A) 20... Kxg7? 21.Qxh6+! Kxh6 22.Bxf6#

A.1) 21...Kg8 22.Rg3+ Ng4 23.Rxg4+ Bg5 24.Rxg5#

Declining offers no prospects.

B) 20... Ng8 (not much better) 21.Rxg8+! Kxg8 22.Qxh6 Bxh4 23.Rxh4 f6 (exf5 24.Qh8#) 24.Qh8+ Kf7 25.Rh7#

C) 20... Ne5 21.Qxh6 and black can't defend both threats (22.Qh8+ forcing mate and 22.Bxf6).

D) 20... Ke8 22.Qxh6 Ng4 23.Qh5 and black can't defend the threats 24.Qxf7+ and 24.Qxg4.

D.1) 22... Nd7 23.fxe6 fxe6 (Bf8 24.exf7+ Ke7 25.Nd5#) 24.Qg6+ mates next.

E) 20... Nh5 21.Qxh6 Nxg7 22.Qh8#

Qb2 and Rd7 are also effectively met by 21.Qxh6, so a quick resignation can be expected.

Premium Chessgames Member
  Brandon plays: Uggh, I don't think I'm quite seeing the correct solution here.

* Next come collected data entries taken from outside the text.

lemma bases_in_lattice_local_chain:
  assumes U: "u_matroid E D \<rho>" and bases: "\<And>B. is_basis E D \<rho> B \<Longrightarrow> B \<in> D"
    and A: "A \<in> D" and A12: "A \<union> {b1, b2} \<in> D" and up: "\<rho> A < \<rho> (A \<union> {b1, b2})"
  shows "\<exists>j\<in>{b1, b2}. insert j A \<in> D \<and> \<rho> (insert j A) = \<rho> A + 1"
proof -
  have single: "?thesis" if "j \<in> {b1, b2}" "A \<union> {b1, b2} = insert j A" for j
    using that A12 up u_matroid_unit_increase[OF U A, of j] by force
  show ?thesis
  proof (cases "b1 \<in> A \<or> b2 \<in> A \<or> b1 = b2")
    case True
    then show ?thesis using single[of b1] single[of b2] by auto
  next
    case False
    then have "A \<subset> A \<union> {b1, b2}" by auto
    then obtain y where y: "y \<in> {b1, b2}" "insert y A \<in> D"
      using acc_dist_lattice_augment[OF u_matroid_lattice[OF U] A A12] by auto
    define z where "z = (if y = b1 then b2 else b1)"
    have yz: "{y, z} = {b1, b2}" "y \<notin> A" "z \<notin> A" "y \<noteq> z" "insert y A \<in> D"
      using y False by (auto simp: z_def)
    then have A12': "A \<union> {y, z} \<in> D" "\<rho> A < \<rho> (A \<union> {y, z})" using A12 up by simp_all
    have "\<rho> A \<le> \<rho> (insert y A)" "\<rho> (insert y A) \<le> \<rho> A + 1"
      using u_matroid_mono[OF U A yz(5)] u_matroid_unit_increase[OF U A yz(5)] by auto
    then consider "\<rho> (insert y A) = \<rho> A + 1" | "\<rho> (insert y A) = \<rho> A" by linarith
    then show ?thesis
    proof cases
      case 1
      then show ?thesis using yz by blast
    next
      case 2
      then show ?thesis
        using bases_in_lattice_rank_exchange[OF U bases A yz(2-5) A12'(1) 2 A12'(2)] yz(1) by blast
    qed
  qed
qed
lemma keys_add_canonical:
  fixes f g :: "'a \<Rightarrow>\<^sub>0 'b::canonically_ordered_monoid_add"
  shows "Poly_Mapping.keys (f + g) = Poly_Mapping.keys f \<union> Poly_Mapping.keys g"
  by (auto simp: in_keys_iff lookup_add)

lemma eval_at_mult: "eval_at c (p * q) = eval_at c p * eval_at c q"
proof -
  let ?p = "\<lambda>a. Poly_Mapping.single a (Poly_Mapping.lookup p a)"
  let ?q = "\<lambda>b. Poly_Mapping.single b (Poly_Mapping.lookup q b)"
  have single: "eval_at c (?p a * ?q b) = eval_at c (?p a) * eval_at c (?q b)" for a b
    by (simp add: mult_single keys_add_canonical)
  have "eval_at c (p * q) = eval_at c ((\<Sum>a\<in>Poly_Mapping.keys p. ?p a) * (\<Sum>b\<in>Poly_Mapping.keys q. ?q b))"
    by (simp only: poly_mapping_eq_sum_single [symmetric])
  also have "\<dots> = (\<Sum>a\<in>Poly_Mapping.keys p. eval_at c (?p a)) * (\<Sum>b\<in>Poly_Mapping.keys q. eval_at c (?q b))"
    by (simp only: sum_product eval_at_sum single)
  also have "\<dots> = eval_at c p * eval_at c q"
    by (simp only: eval_at_sum [symmetric] poly_mapping_eq_sum_single [symmetric])
  finally show ?thesis .
qed

lemma eval_at_prod: "eval_at c (\<Prod>i\<in>I. f i) = (\<Prod>i\<in>I. eval_at c (f i))"
  by (induction I rule: infinite_finite_induct) (auto simp: eval_at_mult)

lemma eval_at_var [simp]: "eval_at c (var i) = (if i \<in> c then 1 else 0)"
  by (simp add: var_def)

lemma eval_at_one_minus_var [simp]: "eval_at c (1 - var i) = (if i \<in> c then 0 else 1)"
proof -
  have "eval_at c (1 - var i) + eval_at c (var i) = 1"
    by (simp only: eval_at_add [symmetric] diff_add_cancel eval_at_one)
  then show ?thesis
    by (auto simp: eq_diff_eq [symmetric] split: if_splits)
qed

lemma eval_at_pm:
  "finite \<sigma> \<Longrightarrow> finite \<tau> \<Longrightarrow> eval_at c (pm \<sigma> \<tau>) = (if \<sigma> \<subseteq> c \<and> c \<inter> \<tau> = {} then 1 else 0)"
  by (auto simp: pm_def eval_at_mult eval_at_prod prod_zero_iff)

section \<open>Expansion and degree of pseudo-monomials\<close>

definition monomial_of_set :: "'a set \<Rightarrow> ('a \<Rightarrow>\<^sub>0 nat)" where
  "monomial_of_set S = (\<Sum>i\<in>S. Poly_Mapping.single i 1)"

lemma lookup_monomial_of_set:
  "finite S \<Longrightarrow> Poly_Mapping.lookup (monomial_of_set S) i = (if i \<in> S then 1 else 0)"
  by (simp add: monomial_of_set_def lookup_sum lookup_single when_def)

lemma keys_monomial_of_set [simp]: "finite S \<Longrightarrow> Poly_Mapping.keys (monomial_of_set S) = S"
  by (auto simp: in_keys_iff lookup_monomial_of_set split: if_splits)

lemma degree_monomial_of_set:
  "finite S \<Longrightarrow> sum (Poly_Mapping.lookup (monomial_of_set S)) (Poly_Mapping.keys (monomial_of_set S)) = card S"
  by (simp add: lookup_monomial_of_set)

lemma prod_var_eq_single:
  "finite \<sigma> \<Longrightarrow> (\<Prod>i\<in>\<sigma>. var i) = Poly_Mapping.single (monomial_of_set \<sigma>) 1"
  by (induction \<sigma> rule: finite_induct) (simp_all add: monomial_of_set_def var_def mult_single)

The problem is that it is not forcing enough and black has counter chances if white doesn't gets things moving. Rxg7 Kxg7 Bxf6 Kxf6 and I'm left with nothing it seems.
Premium Chessgames Member
  rodchuck: I love Once's stories - keep it up. I don't normally see things very quickly, but the the bishop f6 and rook on the h-file with the opposing king stuck in the corner jumped at me today - did my morale no end of a boost.